Africa today presents a pitiable profile of conflicts. It has a record of 80
forceful change of government, which claimed the lives of about 24 heads of
state, and government.1 In
1996 alone, 14 African States were simultaneously engulfed in armed conflicts.2
The 1990s alone witnessed at least nine serious conflicts, many of them
transcending national boundaries.3
The consequences of these are further complication of Africa’s
economic crisis. First, African states commit a disproportionate percentage of
their national resources to the purchase of arms.4
Human resources are equally diverted to the battlefield, depriving productive
sectors of the economy this necessary ingredient for economic reproduction. The
crisis of refugees has also emerged as a major social and economic problem for
neighbours of African States in conflict. Finally the necessary environment for
development is denied, as local and foreign investors are scared away by the
uncertainties of the conflict-ridden states.
The military is central to this profile of African States in two major respects.

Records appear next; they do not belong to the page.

(* Let $\mu^*\in\mathbb{R}^{p\times K}$ and $L^*\in\mathcal{L}_K$ with $|\mathrm{supp}(\mu^* )|\le s$, $\min_{k\ne k'}\|\mu^*_k-\mu^*_{k'}\|_2\ge c_0$ and $\|\mu^*(L^* )^T\|_F^2\le C_0sn$ for constants $c_0,C_0>0$. Let $$\widetilde{\Theta}_K=\left\{\frac{\mu L^T-\mu^*(L^* )^T}{\|\mu L^T-\mu^*(L^* )^T\|_F}:\ \mu\in\mathbb{R}^{p\times K},\ |\mathrm{supp}(\mu)|\le s,\ L\in\mathcal{L}_K,\ \mu L^T\neq\mu^*(L^* )^T\right\}.$$ Then there is a constant $C>0$ (depending only on $c_0,C_0$) such that for all $\epsilon\in(0,2]$, $$\log N(\epsilon,\widetilde{\Theta}_K,\|\cdot\|_F)\le C\left(n\log K+s\log\frac{p}{s}+sK\log n+sK\log\frac{6}{\epsilon}\right),$$ where $N(\epsilon,\cdot,\|\cdot\|_F)$ is the $\epsilon$-covering number with respect to the Frobenius norm.
   Context: $\mathcal{L}_K$ is the set of $n\times K$ matrices $L=[l_1,\dots,l_n]^T$ with each row $l_i\in\{0,1\}^K$ having exactly one entry equal to $1$ (cluster-assignment matrices). For $\mu=[\mu_1,\dots,\mu_K]\in\mathbb{R}^{p\times K}$, $\mathrm{supp}(\mu)$ is the set of indices of the nonzero rows of $\mu$. Here $n\ge 2$, $K\ge 2$ and $1\le s\le p$. *)

theory Defs
  imports Complex_Main
begin

text \<open>Matrices are represented as functions nat => nat => real; only the entries
  inside the stated index range are meaningful.  A p x K matrix mu has columns
  mu_k = (mu j k)_{j<p}; an n x K matrix L has rows l_i = (L i k)_{k<K}.\<close>

definition cluster_assignment :: "nat \<Rightarrow> nat \<Rightarrow> (nat \<Rightarrow> nat \<Rightarrow> real) \<Rightarrow> bool" where
  "cluster_assignment n K L \<longleftrightarrow>
     (\<forall>i<n. (\<forall>k<K. L i k = 0 \<or> L i k = 1) \<and> card {k. k < K \<and> L i k = 1} = 1)"

definition mult_transpose :: "nat \<Rightarrow> nat \<Rightarrow> nat \<Rightarrow> (nat \<Rightarrow> nat \<Rightarrow> real) \<Rightarrow> (nat \<Rightarrow> nat \<Rightarrow> real) \<Rightarrow> (nat \<Rightarrow> nat \<Rightarrow> real)" where
  "mult_transpose p n K mu L = (\<lambda>j i. if j < p \<and> i < n then (\<Sum>k<K. mu j k * L i k) else 0)"

definition frob :: "nat \<Rightarrow> nat \<Rightarrow> (nat \<Rightarrow> nat \<Rightarrow> real) \<Rightarrow> real" where
  "frob p n A = sqrt (\<Sum>j<p. \<Sum>i<n. (A j i)\<^sup>2)"

definition supp_card :: "nat \<Rightarrow> nat \<Rightarrow> (nat \<Rightarrow> nat \<Rightarrow> real) \<Rightarrow> nat" where
  "supp_card p K mu = card {j. j < p \<and> (\<exists>k<K. mu j k \<noteq> 0)}"

definition col_dist :: "nat \<Rightarrow> (nat \<Rightarrow> nat \<Rightarrow> real) \<Rightarrow> nat \<Rightarrow> nat \<Rightarrow> real" where
  "col_dist p mu k k' = sqrt (\<Sum>j<p. (mu j k - mu j k')\<^sup>2)"

definition Theta_tilde :: "nat \<Rightarrow> nat \<Rightarrow> nat \<Rightarrow> nat \<Rightarrow> (nat \<Rightarrow> nat \<Rightarrow> real) \<Rightarrow> (nat \<Rightarrow> nat \<Rightarrow> real)
    \<Rightarrow> (nat \<Rightarrow> nat \<Rightarrow> real) set" where
  "Theta_tilde p n K s mus Ls =
     {(\<lambda>j i. (mult_transpose p n K mu L j i - mult_transpose p n K mus Ls j i) /
              frob p n (\<lambda>j i. mult_transpose p n K mu L j i - mult_transpose p n K mus Ls j i))
      | mu L. supp_card p K mu \<le> s \<and> cluster_assignment n K L \<and>
              mult_transpose p n K mu L \<noteq> mult_transpose p n K mus Ls}"

definition covering_number :: "nat \<Rightarrow> nat \<Rightarrow> real \<Rightarrow> (nat \<Rightarrow> nat \<Rightarrow> real) set \<Rightarrow> nat" where
  "covering_number p n eps S =
     Inf {card C | C. finite C \<and> (\<forall>x\<in>S. \<exists>c\<in>C. frob p n (\<lambda>j i. x j i - c j i) \<le> eps)}"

Most African states had at one time or the other come under military rule with
its attendant maladministration and consequent legacy of economic
underdevelopment.6 Besides, the military had appropriated
disproportional national resources, a phenomenon that Bayo Adekanye aptly calls
the Military Extractive Ratio (MER).7
The military question therefore constitutes a major problematic for Africa’s
development. This paper addresses this question, with emphasis on two issues,
which are here posed as questions: How has the military fared in the sustenance
of peace and stability in Africa to guarantee the environment for development?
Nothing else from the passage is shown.